CN106744841B - Preparation method of three-dimensional porous graphene film constructed by single-layer graphene - Google Patents

Abstract

A preparation method and application of a three-dimensional graphene film constructed by utilizing single-layer graphene. The method is characterized in that: adding ultrasonic crushing and ball milling stripping processes in an improved Hummer method process for preparing graphene to obtain single-layer or few-layer graphene, mixing organic solvents to prepare graphene slurry, printing the graphene slurry with different thicknesses on a substrate by a screen printing method, placing the substrate printed with the graphene slurry in a muffle furnace, and removing the organic slurry by a high-temperature heat treatment method to obtain the interconnected graphene film with a nanoscale porous three-dimensional structure. The film has high specific surface area, and can be used as electrode materials of super capacitors, lithium ion batteries, thin-film solar batteries and the like after being modified by metal oxides and metal sulfides.

Description

Preparation method of three-dimensional porous graphene film constructed by single-layer graphene

Technical Field

The invention relates to the field of materials, in particular to a preparation method and application of a three-dimensional graphene film constructed by utilizing single-layer graphene.

Background

Graphene is a material having a single-layer sheet structure composed of carbon atoms, has a high specific surface area and high electrical conductivity, and excellent mechanical properties, thus making the graphene-based material an extremely promising energy storage active material, particularly as an electrode material for an electric double layer supercapacitor.

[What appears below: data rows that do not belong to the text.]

lemma has_vector_derivative_qexp_at_zero:
  assumes w: "(w has_vector_derivative e) (at t)" and zero: "w t = 0"
  shows "((\<lambda>s. qexp (w s)) has_vector_derivative qexp_derivative (w t) e) (at t)"
proof -
  have "((\<lambda>s. w s \<bullet> w s) has_vector_derivative w t \<bullet> e + e \<bullet> w t) (at t)"
    using bounded_bilinear.has_vector_derivative[OF bounded_bilinear_inner w w] .
  then have "((\<lambda>s. (norm (w s))\<^sup>2 / 2) has_real_derivative 0) (at t)"
    using zero by (auto intro!: derivative_eq_intros
        simp: power2_norm_eq_inner has_real_derivative_iff_has_vector_derivative[symmetric])
  then have cos: "((\<lambda>s. cos (norm (w s))) has_real_derivative 0) (at t)"
    by (rule DERIV_zero_if_bounded) (use zero abs_cos_minus_one_le in auto)
  have "isCont (\<lambda>s. norm (w s)) t"
    using has_vector_derivative_continuous[OF w] by simp
  then have "isCont (\<lambda>s. sinc (norm (w s))) t"
    by (rule isCont_o2) (simp add: zero isCont_sinc_0)
  then have "((\<lambda>s. sinc (norm (w s)) *\<^sub>R w s) has_vector_derivative e) (at t)"
    using has_vector_derivative_continuous_scaleR_vanishing[OF _ zero w] zero
    by (fastforce simp: sinc_def)
  then show ?thesis
    unfolding qexp_def
    by (rule has_vector_derivative_eq_rhs[OF has_vector_derivative_add[OF
          has_vector_derivative_scaleR[OF cos has_vector_derivative_const]
          bounded_linear.has_vector_derivative[OF matrix_vector_mul_bounded_linear]]])
      (simp add: qexp_derivative_def zero sinc_def)
qed

lemma has_vector_derivative_qexp_at_nonzero:
  assumes w: "(w has_vector_derivative e) (at t)" and nonzero: "w t \<noteq> 0"
  shows "((\<lambda>s. qexp (w s)) has_vector_derivative qexp_derivative (w t) e) (at t)"
proof -
  define \<theta> where "\<theta> = norm (w t)"
  define n where "n = sgn (w t)"
  have "\<theta> \<noteq> 0"
    using nonzero by (simp add: \<theta>_def)
  then have w_t: "(c / \<theta>) *\<^sub>R w t = c *\<^sub>R n" for c
    by (simp add: \<theta>_def n_def sgn_div_norm divide_inverse)
  have "((\<lambda>s. norm (w s)) has_derivative (\<lambda>h. (h *\<^sub>R e) \<bullet> n)) (at t)"
    using has_derivative_compose[OF w[unfolded has_vector_derivative_def] has_derivative_norm[OF nonzero]]
    by (simp add: n_def)
  then have norm: "((\<lambda>s. norm (w s)) has_real_derivative n \<bullet> e) (at t)"
    by (rule has_derivative_imp_has_field_derivative) (simp add: inner_commute)
  have cos: "((\<lambda>s. cos (norm (w s))) has_real_derivative - sin \<theta> * (n \<bullet> e)) (at t)"
    using DERIV_chain2[OF DERIV_cos norm] by (simp add: \<theta>_def)
  have sinc: "((\<lambda>s. sinc (norm (w s))) has_real_derivative (cos \<theta> - sinc \<theta>) / \<theta> * (n \<bullet> e)) (at t)"
    using DERIV_chain2[OF DERIV_sinc[OF \<open>\<theta> \<noteq> 0\<close>, unfolded \<theta>_def] norm] by (simp add: \<theta>_def)
  show ?thesis
    unfolding qexp_def
    by (rule has_vector_derivative_eq_rhs[OF has_vector_derivative_add[OF
          has_vector_derivative_scaleR[OF cos has_vector_derivative_const]
          bounded_linear.has_vector_derivative[OF matrix_vector_mul_bounded_linear
            has_vector_derivative_scaleR[OF sinc w]]]])
      (simp add: qexp_derivative_def w_t \<theta>_def[symmetric] n_def[symmetric])
qed

lemma has_vector_derivative_qexp:
  "(w has_vector_derivative e) (at t) \<Longrightarrow>
    ((\<lambda>s. qexp (w s)) has_vector_derivative qexp_derivative (w t) e) (at t)"
  using has_vector_derivative_qexp_at_zero has_vector_derivative_qexp_at_nonzero by blast

lemma qexp_derivative_eq_0_iff:
  assumes "norm y < pi"
  shows "qexp_derivative y e = 0 \<longleftrightarrow> e = 0"
proof
  assume zero: "qexp_derivative y e = 0"
  define \<theta> where "\<theta> = norm y"
  define n where "n = sgn y"
  have scalar: "sin \<theta> * (n \<bullet> e) = 0"
    and vector: "sinc \<theta> *\<^sub>R e + ((cos \<theta> - sinc \<theta>) * (n \<bullet> e)) *\<^sub>R n = 0"
    using zero
    unfolding qexp_derivative_def Let_def scaleR_plus_Qp_mult_vec_eq_0_iff \<theta>_def n_def
    by simp_all
  show "e = 0"
  proof (cases "y = 0")
    case True
    then show ?thesis
      using vector by (simp add: \<theta>_def n_def sinc_def)
  next
    case False
    then have "0 < \<theta>" "\<theta> < pi"
      using assms by (simp_all add: \<theta>_def)
    then have "n \<bullet> e = 0"
      using scalar sin_gt_zero by force
    moreover have "0 < sinc \<theta>"
      using \<open>0 < \<theta>\<close> \<open>\<theta> < pi\<close> by (simp add: sinc_pos)
    ultimately show ?thesis
      using vector by simp
  qed
qed (simp add: qexp_derivative_def)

However, due to the strong van der waals force between graphene nanosheet layers and the hydrophobic property of graphene, the graphene nanosheets are very easy to stack layer by layer, how to synthesize a high-performance graphene-based adsorption material is a key problem in the research of the graphene-based adsorption material, and the construction of a graphene-based porous three-dimensional framework structure is a very effective method. Compared with original graphene and graphene-based materials with other morphological structures, the graphene-based material with the three-dimensional framework structure shows more excellent physicochemical properties based on the three-dimensional network and the porous structure characteristics. The three-dimensional graphene material is structurally different from two-dimensional graphene, and effectively overcomes the defects that the two-dimensional graphene is easy to agglomerate and difficult to disperse and is difficult to obtain high specific surface area, so that the three-dimensional graphene material is more suitable to be used as an electrode material of a double electric layer super capacitor. The three-dimensional graphene has a three-dimensional hollow porous reticular structure, the network wall is graphene, and the graphene is graphite with a laminated structure and porous graphite carbon foam, and has the advantages of ultralow-density-degree surface area, high heat conductivity, high temperature resistance, corrosion resistance, good ductility, good flexibility and the like.

The preparation method of the graphene mainly comprises the following steps: physical methods, mechanical exfoliation methods, chemical vapor deposition methods, thermal expansion exfoliation methods, electrochemical methods, redox methods, and the like. Chemical Vapor Deposition (CVD) is one of the important methods for preparing high-quality graphene thin films, and with the development of preparation technology, the yield of the CVD method can also meet the requirement of mass production. The CVD method can use a gaseous, liquid, or solid substance as a carbon source to grow the graphene thin film. However, the method is complicated and the cost is high. The oxidation-reduction method comprises the steps of oxidizing graphite to obtain graphite oxide, and then reducing the graphite oxide by a reduction method to prepare graphene nanosheets of different specifications. However, due to the limitation of the redox method, the prepared graphene has low quality (for example, the conductivity is only more than 1500S/m), and the performance of the graphene is seriously affected due to many defects of the graphene.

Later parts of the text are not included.